Разорвал Ник свой носовой платок на тоненькие лоскутья, в одну «верёвочку» связал, не переставая при этом внимательно наблюдать за окрестностями.
Нет, коротковато будет, метра два всего.
Осторожно, не торопясь, стараясь не делать резких движений, ухитрился распороть на отдельные полосы всю свою гимнастёрку — не снимая, прямо на теле. Значок со Сталиным в карман штанов запихал.
В конечном итоге, вполне приличный шнур получился — метров двенадцать в длину.
Теперь можно и попробовать.
Ракетницу надёжно закрепил в корнях карликовой берёзы, зарядил жёлтым патроном.
Конец своей «верёвочки» к спусковому курку ракетницы привязал, отполз вдоль кустов голубики на всю длину шнура, за камушком затаился.
Ну, поехали, благословясь!
Дернул сильно за «верёвочку», громкий хлопок, жёлтая ракета, оставляя за собой чёткий дымовой след, взметнулась вверх.
Ничего не случилось, совсем ничего!
Почему же он не стреляет? Может, и нет там его, отполз в сторону, а Ник и не заметил?

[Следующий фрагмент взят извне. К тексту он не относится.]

lemma del_edge_flag_conj:
  assumes inv: "\<And>x. m (m x) = x" and fix_e: "\<And>f. f \<in> eflags {e} \<Longrightarrow> m f = f"
    and "e \<in> redges G"
  shows "del_edge e (flag_conj m G) = flag_conj m (del_edge e G)"
proof -
  have mem: "m x \<in> eflags {e} \<longleftrightarrow> x \<in> eflags {e}" for x
    using inv fix_e by metis
  have rgam: "rgam (del_edge e (flag_conj m G)) f = m (rgam (del_edge e G) (m f))" for f
    unfolding rgam_del_edge flag_conj_simps comp_apply
    by (rule first_exit_conj) (simp_all add: mem fix_e)
  have sub: "{C \<in> eflags (redges G') // (vrel G')\<^sup>*. C \<subseteq> eflags {e}}
    \<subseteq> {C \<in> eflags (redges G') // (vrel (flag_conj m G'))\<^sup>*. C \<subseteq> eflags {e}}"
    if "e \<in> redges G'" for G'
    using edge_vertex_classes_flag_conj_subset[OF inv fix_e that] .
  have classes: "{C \<in> eflags (redges G) // (vrel (flag_conj m G))\<^sup>*. C \<subseteq> eflags {e}}
    = {C \<in> eflags (redges G) // (vrel G)\<^sup>*. C \<subseteq> eflags {e}}"
    using sub[of G] sub[of "flag_conj m G"] \<open>e \<in> redges G\<close>
    by (simp add: flag_conj_flag_conj[OF inv] subset_antisym)
  show ?thesis
  proof (rule rgraph.equality)
    show "rgam (del_edge e (flag_conj m G)) = rgam (flag_conj m (del_edge e G))"
      using rgam by (simp add: fun_eq_iff)
    show "riso (del_edge e (flag_conj m G)) = riso (flag_conj m (del_edge e G))"
      using classes by (simp add: del_edge_def)
  qed (simp_all add: del_edge_def flag_conj_def)
qed

section \<open>Partial duals and partial Petrials\<close>

lemma dl_map_dl_map [simp]: "dl_map A (dl_map A x) = x"
  by (cases x) (simp add: dl_map_def)

lemma tw_map_tw_map [simp]: "tw_map A (tw_map A x) = x"
  by (cases x) (simp add: tw_map_def)

lemma fst_dl_map [simp]: "fst (dl_map A x) = fst x"
  by (cases x) (simp add: dl_map_def)

lemma fst_tw_map [simp]: "fst (tw_map A x) = fst x"
  by (cases x) (simp add: tw_map_def)

lemma dl_map_eflags: "e \<notin> A \<Longrightarrow> f \<in> eflags {e} \<Longrightarrow> dl_map A f = f"
  by (cases f) (auto simp: dl_map_def eflags_def)

lemma tw_map_eflags: "e \<notin> A \<Longrightarrow> f \<in> eflags {e} \<Longrightarrow> tw_map A f = f"
  by (cases f) (auto simp: tw_map_def eflags_def)

lemma tw_map_fl_beta: "tw_map A (fl_beta x) = fl_beta (tw_map A x)"
  by (cases x) (simp add: tw_map_def fl_beta_def)

lemma dl_map_insert: "e \<notin> A \<Longrightarrow> dl_map (insert e A) = dl_map A \<circ> dl_map {e}"
  by (auto simp: dl_map_def fun_eq_iff)

lemma tw_map_insert: "e \<notin> A \<Longrightarrow> tw_map (insert e A) = tw_map A \<circ> tw_map {e}"
  by (auto simp: tw_map_def fun_eq_iff)

lemma dl_map_commute: "dl_map A (dl_map B x) = dl_map B (dl_map A x)"
  by (cases x) (simp add: dl_map_def)

lemma tw_map_commute: "tw_map A (tw_map B x) = tw_map B (tw_map A x)"
  by (cases x) (simp add: tw_map_def)

lemma dl_map_tw_map_commute: "A \<inter> B = {} \<Longrightarrow> dl_map A (tw_map B x) = tw_map B (dl_map A x)"
  by (cases x) (auto simp: dl_map_def tw_map_def)

lemma pdual_eq_flag_conj: "pdual A G = flag_conj (dl_map A) G"
  by (simp add: pdual_def flag_conj_def)

lemma ppetrial_eq_flag_conj: "ppetrial A G = flag_conj (tw_map A) G"
  by (simp add: ppetrial_def flag_conj_def)

lemma redges_pdual [simp]: "redges (pdual A G) = redges G"
  by (simp add: pdual_def)

lemma redges_ppetrial [simp]: "redges (ppetrial A G) = redges G"
  by (simp add: ppetrial_def)

lemma ribbon_graph_pdual: "ribbon_graph G \<Longrightarrow> ribbon_graph (pdual A G)"
  unfolding pdual_eq_flag_conj by (rule ribbon_graph_flag_conj) auto

lemma ribbon_graph_ppetrial: "ribbon_graph G \<Longrightarrow> ribbon_graph (ppetrial A G)"
  unfolding ppetrial_eq_flag_conj by (rule ribbon_graph_flag_conj) auto

lemma vcount_ppetrial: "vcount (ppetrial A G) = vcount G"
  unfolding ppetrial_eq_flag_conj by (rule vcount_flag_conj) (auto simp: tw_map_fl_beta)

lemma pdual_insert:
  assumes "e \<notin> A" shows "pdual (insert e A) G = pdual A (pdual {e} G)"
  unfolding pdual_eq_flag_conj flag_conj_comp[of "dl_map A" "dl_map {e}", OF dl_map_commute]
    dl_map_insert[OF assms] ..

lemma ppetrial_insert:
  assumes "e \<notin> A" shows "ppetrial (insert e A) G = ppetrial A (ppetrial {e} G)"
  unfolding ppetrial_eq_flag_conj flag_conj_comp[of "tw_map A" "tw_map {e}", OF tw_map_commute]
    tw_map_insert[OF assms] ..

lemma pdual_pdual_commute: "pdual A (pdual B G) = pdual B (pdual A G)"
  unfolding pdual_eq_flag_conj by (rule flag_conj_commute) (rule dl_map_commute)

lemma ppetrial_ppetrial_commute: "ppetrial A (ppetrial B G) = ppetrial B (ppetrial A G)"
  unfolding ppetrial_eq_flag_conj by (rule flag_conj_commute) (rule tw_map_commute)

lemma pdual_ppetrial_commute:
  "A \<inter> B = {} \<Longrightarrow> pdual A (ppetrial B G) = ppetrial B (pdual A G)"
  unfolding pdual_eq_flag_conj ppetrial_eq_flag_conj
  by (rule flag_conj_commute) (rule dl_map_tw_map_commute)

lemma pdual_del_edge:
  "e \<notin> A \<Longrightarrow> e \<in> redges G \<Longrightarrow> pdual A (del_edge e G) = del_edge e (pdual A G)"
  unfolding pdual_eq_flag_conj by (rule del_edge_flag_conj[symmetric]) (auto simp: dl_map_eflags)

lemma ppetrial_del_edge:
  "e \<notin> A \<Longrightarrow> e \<in> redges G \<Longrightarrow> ppetrial A (del_edge e G) = del_edge e (ppetrial A G)"
  unfolding ppetrial_eq_flag_conj by (rule del_edge_flag_conj[symmetric]) (auto simp: tw_map_eflags)

section \<open>Splitting the sums at an edge\<close>

lemma sum_Pow_insert:
  assumes "finite A" and "a \<notin> A"
  shows "(\<Sum>B \<in> Pow (insert a A). f B) = (\<Sum>B \<in> Pow A. f B) + (\<Sum>B \<in> Pow A. f (insert a B))"
proof -
  have "(\<Sum>B \<in> Pow (insert a A). f B) = (\<Sum>B \<in> Pow A. f B) + (\<Sum>B \<in> insert a ` Pow A. f B)"
    unfolding Pow_insert by (rule sum.union_disjoint) (use assms in auto)
  also have "(\<Sum>B \<in> insert a ` Pow A. f B) = (\<Sum>B \<in> Pow A. f (insert a B))"
    by (rule sum.reindex_cong[where l = "insert a"]) (use assms in \<open>auto simp: inj_on_def\<close>)
  finally show ?thesis .
qed

lemma sum_PiE_insert:
  assumes "a \<notin> A" and "finite A"
  shows "(\<Sum>c \<in> insert a A \<rightarrow>\<^sub>E {..<n}. f c) = (\<Sum>y<n. \<Sum>c \<in> A \<rightarrow>\<^sub>E {..<n}. f (c(a := y)))"
proof -
  have "(\<Sum>c \<in> insert a A \<rightarrow>\<^sub>E {..<n}. f c)
      = (\<Sum>c \<in> (\<lambda>(y, g). g(a := y)) ` ({..<n} \<times> (A \<rightarrow>\<^sub>E {..<n})). f c)"
    by (simp add: PiE_insert_eq)
  also have "\<dots> = (\<Sum>(y, c) \<in> {..<n} \<times> (A \<rightarrow>\<^sub>E {..<n}). f (c(a := y)))"
    by (rule sum.reindex_cong[OF inj_combinator[OF assms(1)]]) auto
  also have "\<dots> = (\<Sum>y<n. \<Sum>c \<in> A \<rightarrow>\<^sub>E {..<n}. f (c(a := y)))"
    by (simp add: sum.cartesian_product)
  finally show ?thesis .
qed

lemma blk_fun_upd:
  "e \<notin> E \<Longrightarrow> blk (insert e E) (c(e := y)) i = (if y = i then insert e (blk E c i) else blk E c i)"
  by (auto simp: blk_def)

lemma notin_blk: "e \<notin> E \<Longrightarrow> e \<notin> blk E c i"
  by (simp add: blk_def)

text \<open>Oriented so that the simplifier pushes every operation on the single edge \<open>e\<close> outwards;
  the hypothesis \<open>e \<notin> A\<close> keeps it from looping.\<close>

lemma edge_ops_outward:
  assumes "e \<notin> A"
  shows "pdual A (pdual {e} G) = pdual {e} (pdual A G)"
    and "ppetrial A (ppetrial {e} G) = ppetrial {e} (ppetrial A G)"
    and "pdual A (ppetrial {e} G) = ppetrial {e} (pdual A G)"
    and "ppetrial A (pdual {e} G) = pdual {e} (ppetrial A G)"
  using assms
  by (simp_all add: pdual_pdual_commute ppetrial_ppetrial_commute pdual_ppetrial_commute)

lemma pdual_insert_blk:
  "e \<notin> E \<Longrightarrow> pdual (insert e (blk E c i)) G = pdual (blk E c i) (pdual {e} G)"
  by (rule pdual_insert) (rule notin_blk)

lemma ppetrial_insert_blk:
  "e \<notin> E \<Longrightarrow> ppetrial (insert e (blk E c i)) G = ppetrial (blk E c i) (ppetrial {e} G)"
  by (rule ppetrial_insert) (rule notin_blk)

lemmas edge_split_simps =
  edge_ops_outward blk_fun_upd notin_blk pdual_insert_blk ppetrial_insert_blk
  pdual_del_edge ppetrial_del_edge vcount_del_edge vcount_ppetrial ribbon_graph_pdual
  ribbon_graph_ppetrial op_td_def op_dt_def op_tdt_def contract_def

context
  fixes G :: "'e rgraph" and e :: 'e
  assumes rg: "ribbon_graph G" and e: "e \<in> redges G"
begin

Минут двадцать Ник выжидал, напряжённо всматриваясь вдаль через тесно переплетенные ветки голубики. Ни малейших признаков движения.
Решил подобраться к ракетнице, перезарядить её. Уже начал ползти, да что-то остановило его в последний момент, вернулся назад.
А ещё секунд через пять и выстрелы загремели, пули защёлкали совсем рядом, одна из них, судя по звуку, попала прямо в ракетницу. Очевидно, невидимый противник стрелял сразу из двух стволов, похоже, из двух специальных дальнобойных пистолетов, стараясь максимально плотно накрыть место запуска сигнальной ракеты. Огонь был настолько частым и беглым, что об ответных выстрелах можно было даже не помышлять, оставалось только лежать лицом вниз, вжавшись в землю, и слушать весёлые песенки пуль, пролетающих в непосредственной близости. Выстрелов двадцать, если не больше, прозвучало.
Почему же «кустик» сразу не стрелял, зачем двадцать минут выжидал? Ответ сам собой напрашивался: потому что опытный, битый, с потрясающей выдержкой. Заметил всё-таки, как кусты шевельнулись, когда Ник к ракетнице решил подползти.
Хорошо ещё, что вовремя остановился, прислушавшись к смутным сомнениям.
"Мы тоже не лыком шиты", — усмехнулся Ник.
Как только отгремели выстрелы, он тут же переместился к ракетнице и зарядил её зелёным патроном — риск был минимальным, противнику тоже надо оружие перезаряжать. Слава Богу, меткий выстрел только ручку ракетницы расколол, не повредив главного механизма.
Обратно за камушек отполз, кончик «верёвочки» в руках сжимая.
Теперь оставалось только одно — ждать и, конечно, бдить неустанно.
Через два часа на вершине сопки показались тёмные фигурки, одна — чуть повыше прочих. Понятно, это свои прибыли с Сизым во главе — жив, курилка! Молодцы, заметили всё же желтую ракету. Уже веселее!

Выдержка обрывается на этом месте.